BACKGROUND OF THE INVENTION Enkephalin has the formula Tyr-Gly-Gly-Phe-
A type of opioid peptide represented by X (X = Met or Leu), which is an endogenous peptide that binds to an enkephalin receptor and exhibits a morphine-like analgesic action. Although the details of its physiological actions are not clear, pharmacological actions such as control of pain and body temperature and regulation of neuroendocrine function are known. On the other hand, some enkephalin-degrading enzymes that are presumed to be involved in regulation of enkephalin metabolism or activity in vivo are also known. In each case, the specific site of enkephalin is specifically cleaved, leading to its inactivation. Especially Tyr-Gl
Enzymes that cleave between y, Gly-Gly, and Gly-Phe are known, and aminopeptidase, dipeptidyl aminopeptidase, enkephalinase, and angiotensin converting enzyme have been found, respectively.

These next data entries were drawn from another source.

text \<open>Here \<open>p\<close> divides \<open>a + b\<close> and exactly once the cofactor \<open>Q\<close> of \<open>a\<^sup>p + b\<^sup>p\<close>,
  so \<open>p (a + b)\<close> and \<open>Q / p\<close> are coprime.\<close>

lemma fermat_eq_p_times_sum_is_pth_power:
  fixes a b c :: int
  assumes "prime p" and "odd p" and "a ^ p + b ^ p + c ^ p = 0"
    and "int p dvd c" and "coprime a b" and "coprime a c"
  shows "\<exists>t. int p * (a + b) = t ^ p"
proof -
  define M where "M = binom_middle_sum p (a + b) a"
  define Q where "Q = int p * a ^ (p - 1) + M + (a + b) ^ (p - 1)"
  have "p \<ge> 3" using assms(1,2) by (rule odd_prime_ge_3)
  have pp: "prime (int p)" using assms(1) by simp
  have "\<not> int p dvd a"
    using assms(1,4,6) not_coprimeI[of "int p" a c] not_prime_unit by auto
  have sum: "int p dvd a + b" using fermat_eq_prime_dvd_sum[OF assms(1-4)] .
  then have "int p ^ 2 dvd (a + b) ^ 2" by (rule dvd_power_same)
  also have "\<dots> dvd (a + b) ^ (p - 1)" using \<open>p \<ge> 3\<close> by (intro le_imp_power_dvd) auto
  finally have "int p ^ 2 dvd M + (a + b) ^ (p - 1)"
    using prime_sq_dvd_binom_middle_sum[OF assms(1) sum] by (simp add: M_def)
  then obtain R where R: "M + (a + b) ^ (p - 1) = int p ^ 2 * R" unfolding dvd_def by blast
  define R' where "R' = a ^ (p - 1) + int p * R"
  have Q: "Q = int p * R'" unfolding Q_def R'_def add.assoc R by (simp add: algebra_simps power2_eq_square)
  have "\<not> int p dvd R'"
  proof
    assume "int p dvd R'"
    then have "int p dvd a ^ (p - 1)" by (simp add: R'_def dvd_add_left_iff)
    then show False using pp \<open>\<not> int p dvd a\<close> prime_dvd_power by blast
  qed
  have "coprime (int p * (a + b)) R'"
  proof (rule coprime_if_no_common_prime_int)
    fix r assume r: "prime r" "r dvd int p * (a + b)" "r dvd R'"
    have "r = int p"
    proof (cases "r dvd a + b")
      case True
      have "r dvd Q" using r(3) by (simp add: Q)
      then show ?thesis
        using prime_dvd_sum_and_quotient[OF assms(1) _ r(1) assms(5) True] \<open>p \<ge> 3\<close>
        by (simp add: Q_def M_def)
    next
      case False
      then have "r dvd int p" using r(1,2) by (simp add: prime_dvd_mult_iff)
      then show ?thesis using r(1) pp primes_dvd_imp_eq by blast
    qed
    then show False using r(3) \<open>\<not> int p dvd R'\<close> by simp
  qed
  moreover have "(a + b) * Q = (- c) ^ p"
    using fermat_eq_factor[OF assms(2) \<open>p \<ge> 3\<close> assms(3)] by (simp add: Q_def M_def)
  then have "int p * (a + b) * R' = (- c) ^ p" by (simp add: Q ac_simps)
  ultimately show ?thesis using coprime_mult_eq_odd_power assms(2) by blast
qed

section \<open>Prime ideals of \<open>\<int>\<^sub>K\<close> above \<open>q \<noteq> p\<close>\<close>

locale prime_ideal_over_q =
  fixes p q :: nat and P :: "complex set"
  assumes prime_p: "prime p" and odd_p: "odd p"
    and prime_ideal: "primeideal P (ZK_ring p)"
    and prime_q: "prime q" and q_neq_p: "q \<noteq> p" and q_in_P: "of_nat q \<in> P"

sublocale prime_ideal_over_q \<subseteq> I: primeideal P "ZK_ring p"
  by (rule prime_ideal)

context prime_ideal_over_q
begin

lemma p_pos: "p > 0" and p_gt_1: "p > 1"
  using prime_gt_1_nat[OF prime_p] by simp_all

text \<open>Closure of \<open>ZK p\<close> under sums and products (i.e. of the algebraic integers) is not
  proved from scratch: it is inherited from the ring structure of \<open>ZK_ring p\<close> that
  \<open>primeideal P (ZK_ring p)\<close> presupposes.\<close>

lemma ZK_mult: "a \<in> ZK p \<Longrightarrow> b \<in> ZK p \<Longrightarrow> a * b \<in> ZK p"
  using I.m_closed[of a b] by (simp add: ZK_ring_def)

lemma ZK_add: "a \<in> ZK p \<Longrightarrow> b \<in> ZK p \<Longrightarrow> a + b \<in> ZK p"
  using I.add.m_closed[of a b] by (simp add: ZK_ring_def)

lemma ZK_one: "1 \<in> ZK p"
  using I.one_closed by (simp add: ZK_ring_def)

lemma ZK_zero: "0 \<in> ZK p"
  using I.zero_closed by (simp add: ZK_ring_def)

lemma a_inv_eq_uminus: "a \<in> ZK p \<Longrightarrow> \<ominus>\<^bsub>ZK_ring p\<^esub> a = - a"
  using I.r_neg[of a] by (simp add: ZK_ring_def eq_neg_iff_add_eq_0 add.commute)

lemma ZK_uminus: "a \<in> ZK p \<Longrightarrow> - a \<in> ZK p"
  using I.a_inv_closed[of a] a_inv_eq_uminus[of a] by (simp add: ZK_ring_def)

lemma ZK_diff: "a \<in> ZK p \<Longrightarrow> b \<in> ZK p \<Longrightarrow> a - b \<in> ZK p"
  using ZK_add[of a "- b"] ZK_uminus[of b] by simp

[0003] When enkephalin is inactivated in vivo by these degrading enzymes, the above-mentioned pharmacological action,
In particular, inhibition or suppression of the analgesic effect occurs. In contrast, when inhibiting enkephalin degrading enzymes,
Enkephalin's analgesic effect is enhanced. For example, kelatorphan inhibits enkephalinase and dipeptidyl aminopeptidase (MCFo
urnie-Zaluski et al., Eur. J. Pharmacol. 102: 525, 198.
4) Captopril inhibits angiotensin converting enzyme (Tanaka and Kato eds., "NEW Pharmacology (Revised 2nd ed.)", 164-165, 1994, Nankodo, spinorphin) Is aminopeptidase,
Inhibiting enkephalinase, angiotensin converting enzyme and dipeptidyl aminopeptidase (Japanese Patent Application Laid-Open No. 3-167199; Anesthesia Vol. 42, 1497-1503 and 1663-16)
70, 1993). In particular, spinorphin has the formula Leu-Val-Val-Tyr-Pro-Tr-Tr isolated from bovine spinal cord.
A heptapeptide represented by p-Thr, which is an endogenous pain regulator that specifically inhibits enkephalin degrading enzymes present in the central nervous system. Thus, it has been suggested that an inhibitor of an enkephalin degrading enzyme may enhance endogenous enkephalin activity and participate in a control mechanism of enkephalin action, and its application to medicine is expected.

[0004]

Under such circumstances, the present inventors have conducted a search for a peptide having enkephalin degrading enzyme inhibitory activity. That is, an object of the present invention is to provide a synthetic inhibitor having a higher inhibitory activity on enkephalin-degrading enzymes, particularly dipeptidyl aminopeptidase than conventional ones. Another object of the present invention is to provide a pharmaceutical composition comprising such a synthetic inhibitor.

[0005]

According to the present invention, there is provided a compound represented by the following formula (I) X ₁ -Val-Val-Tyr-Pro-X ₂ (I) wherein X ₁ is Leu or an amino acid residue. indicates no group, X ₂ is represented by.) indicating no or, or amino acid residue is Trp, however Leu-Va
Provided is a peptide having enkephalin degrading enzyme inhibitory activity, except l-Val-Tyr-Pro, or a salt thereof.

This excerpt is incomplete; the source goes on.